- _Record excerpts_:
definition premise2 :: "nat \<Rightarrow> nat \<Rightarrow> nat \<Rightarrow> nat \<Rightarrow> nat \<Rightarrow> nat \<Rightarrow> nat" where
  "premise2 k c e xs y w =
    (if k = 0 then
       (if e = 0 then judgement k c e xs y
        else if hd_code e = 2 then judgement 0 c (fst (prod_decode (tl_code e))) w y
        else if hd_code e = 3 \<and> hd_code xs \<noteq> 0 then
          judgement 0 c (snd (prod_decode (tl_code e)))
            (cons_code w (cons_code (hd_code xs - 1) (tl_code xs))) y
        else if hd_code e = 4 then judgement 2 c (tl_code e) xs y
        else judgement k c e xs y)
     else if k = 1 then
       (if e = 0 then judgement k c e xs y else judgement 1 c (tl_code e) xs (tl_code y))
     else if k = 2 then
       (if y = 0 then judgement k c e xs y else judgement 0 c e (cons_code (y - 1) xs) (Suc w))
     else judgement k c e xs y)"

definition side_cond :: "nat set \<Rightarrow> nat \<Rightarrow> nat \<Rightarrow> nat \<Rightarrow> nat \<Rightarrow> nat \<Rightarrow> bool" where
  "side_cond Y k c e xs y \<longleftrightarrow>
    (if k = 0 then
       (if e = 0 then y = 0
        else if hd_code e = 0 then y = Suc (hd_code xs)
        else if hd_code e = 1 then y = nth_code xs (tl_code e)
        else if hd_code e \<le> 4 \<or> c \<noteq> 0 then True
        else y = chi Y (hd_code xs))
     else if k = 1 then (if e = 0 then y = 0 else y \<noteq> 0)
     else k = 2)"

lemmas derivation_rule_defs = premise1_def premise2_def side_cond_def

definition judgement_order ::
    "((nat \<times> nat \<times> nat \<times> nat \<times> nat) \<times> (nat \<times> nat \<times> nat \<times> nat \<times> nat)) set" where
  "judgement_order = measures
    [\<lambda>(k, c, e, xs, y). c, \<lambda>(k, c, e, xs, y). e, \<lambda>(k, c, e, xs, y). of_bool (k = 2),
     \<lambda>(k, c, e, xs, y). if k = 2 then y else hd_code xs]"
lemma holo_on_compose_proj0:
  assumes F: "holo2_on (C0 \<times> T0) F" and l: "l \<in> C0" and S: "proj0 ` S \<subseteq> T0"
  shows "holo_on S (\<lambda>z. F (l, proj0 z))"
  unfolding holo_on_def
proof
  fix x assume x: "x \<in> S"
  with F l S obtain L where
    L: "(F has_derivative L) (at (l, proj0 x) within C0 \<times> T0)" "\<And>c v w. L (c *s v, c *s w) = c * L (v, w)"
    unfolding holo2_on_def by blast
  have "bounded_linear proj0"
    using linear_proj0 linear_conv_bounded_linear by blast
  then have P: "((\<lambda>z. (l, proj0 z)) has_derivative (\<lambda>v. (0, proj0 v))) (at x within S)"
    by (rule has_derivative_Pair[OF has_derivative_const bounded_linear.has_derivative[OF _ has_derivative_ident]])
  have "(F has_derivative L) (at (l, proj0 x) within (\<lambda>z. (l, proj0 z)) ` S)"
    by (rule has_derivative_subset[OF L(1)]) (use l S in auto)
  from diff_chain_within[OF P this] have "((\<lambda>z. F (l, proj0 z)) has_derivative (\<lambda>v. L (0, proj0 v))) (at x within S)"
    by (simp add: o_def)
  moreover have "L (0, proj0 (c *s v)) = c * L (0, proj0 v)" for c v
    using L(2)[of c 0 "proj0 v"] by (simp add: proj0_scaleC)
  ultimately show "\<exists>L. ((\<lambda>z. F (l, proj0 z)) has_derivative L) (at x within S) \<and> (\<forall>c v. L (c *s v) = c * L v)"
    by blast
qed

lemma holo_on_G0_proj0:
  assumes "holo2_on (C0 \<times> T0) (\<lambda>(l,z). G0 l z)" "l \<in> C0"
  shows "holo_on Tdom (\<lambda>z. G0 l (proj0 z))"
proof -
  have "proj0 ` Tdom \<subseteq> T0"
    using proj0_in_T0 by blast
  from holo_on_compose_proj0[OF assms this] show ?thesis by simp
qed

lemma holo_on_Gext:
  assumes "holo2_on (C0 \<times> T0) (\<lambda>(l,z). G0 l z)"
  shows "holo_on Tdom (Gext G0 lam)"
  unfolding Gext_eq[abs_def]
  by (intro holo_on_mult holo_on_exp_linear linear_diag_pairing diag_pairing_scaleC
      holo_on_G0_proj0[OF assms proj0_in_C0])

section \<open>The extended kernel is an eigenfunction\<close>

lemma cidx_less: "i < j \<Longrightarrow> cidx i < cidx (j :: 'n::{finite,linorder})"
  unfolding cidx_def by (rule psubset_card_mono) auto

lemma inj_cidx: "inj (cidx :: 'n::{finite,linorder} \<Rightarrow> nat)"
  by (metis cidx_less injI less_irrefl neqE)

lemma range_cidx: "range (cidx :: 'n::{finite,linorder} \<Rightarrow> nat) = {..<CARD('n)}"
proof -
  have "range (cidx :: 'n \<Rightarrow> nat) \<subseteq> {..<CARD('n)}"
    unfolding cidx_def by (auto intro!: psubset_card_mono)
  moreover have "card (range (cidx :: 'n \<Rightarrow> nat)) = card {..<CARD('n)}"
    using card_image[OF inj_cidx] by simp
  ultimately show ?thesis by (intro card_subset_eq) auto
qed
(* Let $1\le k\le m$, let $\phi_{m,k}$ be the automorphism of the free group $F(A_1,\dots,A_m,B_1,\dots,B_k)$ described below, and let $\bar B_k$ be the image of $B_k$ in the abelianization $\mathbb Z^{m+k}$. Then $\|\phi_{m,k}^n(B_k)\|\sim|(\phi_{m,k}^{ab})^n(\bar B_k)|_1\sim|(\phi_{m,k}^{ab})^n(\bar B_k)|_\infty\sim n^k$.
   Context: $\phi_{m,k}(A_i)=A_1\cdots A_{i-1}A_iA_{i-1}^{-1}\cdots A_1^{-1}$ for $1\le i\le m$, and $\phi_{m,k}(B_j)=A_1\cdots A_m(B_1\cdots B_j)A_{j-1}^{-1}\cdots A_1^{-1}$ for $1\le j\le k$. $\|\cdot\|$ is word length with respect to the free basis; $|\cdot|_1$ and $|\cdot|_\infty$ are the $\ell_1$ and $\ell_\infty$ norms of integer vectors with respect to the basis of images of $A_i,B_j$; $\phi^{ab}$ is the induced automorphism of the abelianization. $f\sim g$ means $f\le Ag+B$ and $g\le A'f+B'$ for some constants $A,A'>0$, $B,B'\ge0$. *)

theory Defs
  imports Complex_Main
begin

datatype gen = GA nat | GB nat

text \<open>A letter is a generator with an exponent flag: False = g, True = g^{-1}.
  Words are lists of letters; group elements are represented by freely reduced words.\<close>
type_synonym letter = "gen \<times> bool"
type_synonym word = "letter list"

- _Task instructions_:
Look through the entries above for the word "range". Copy every line where it shows up.

- _Exercise output_:
lemma range_cidx: "range (cidx :: 'n::{finite,linorder} \<Rightarrow> nat) = {..<CARD('n)}"
  have "range (cidx :: 'n \<Rightarrow> nat) \<subseteq> {..<CARD('n)}"
  moreover have "card (range (cidx :: 'n \<Rightarrow> nat)) = card {..<CARD('n)}"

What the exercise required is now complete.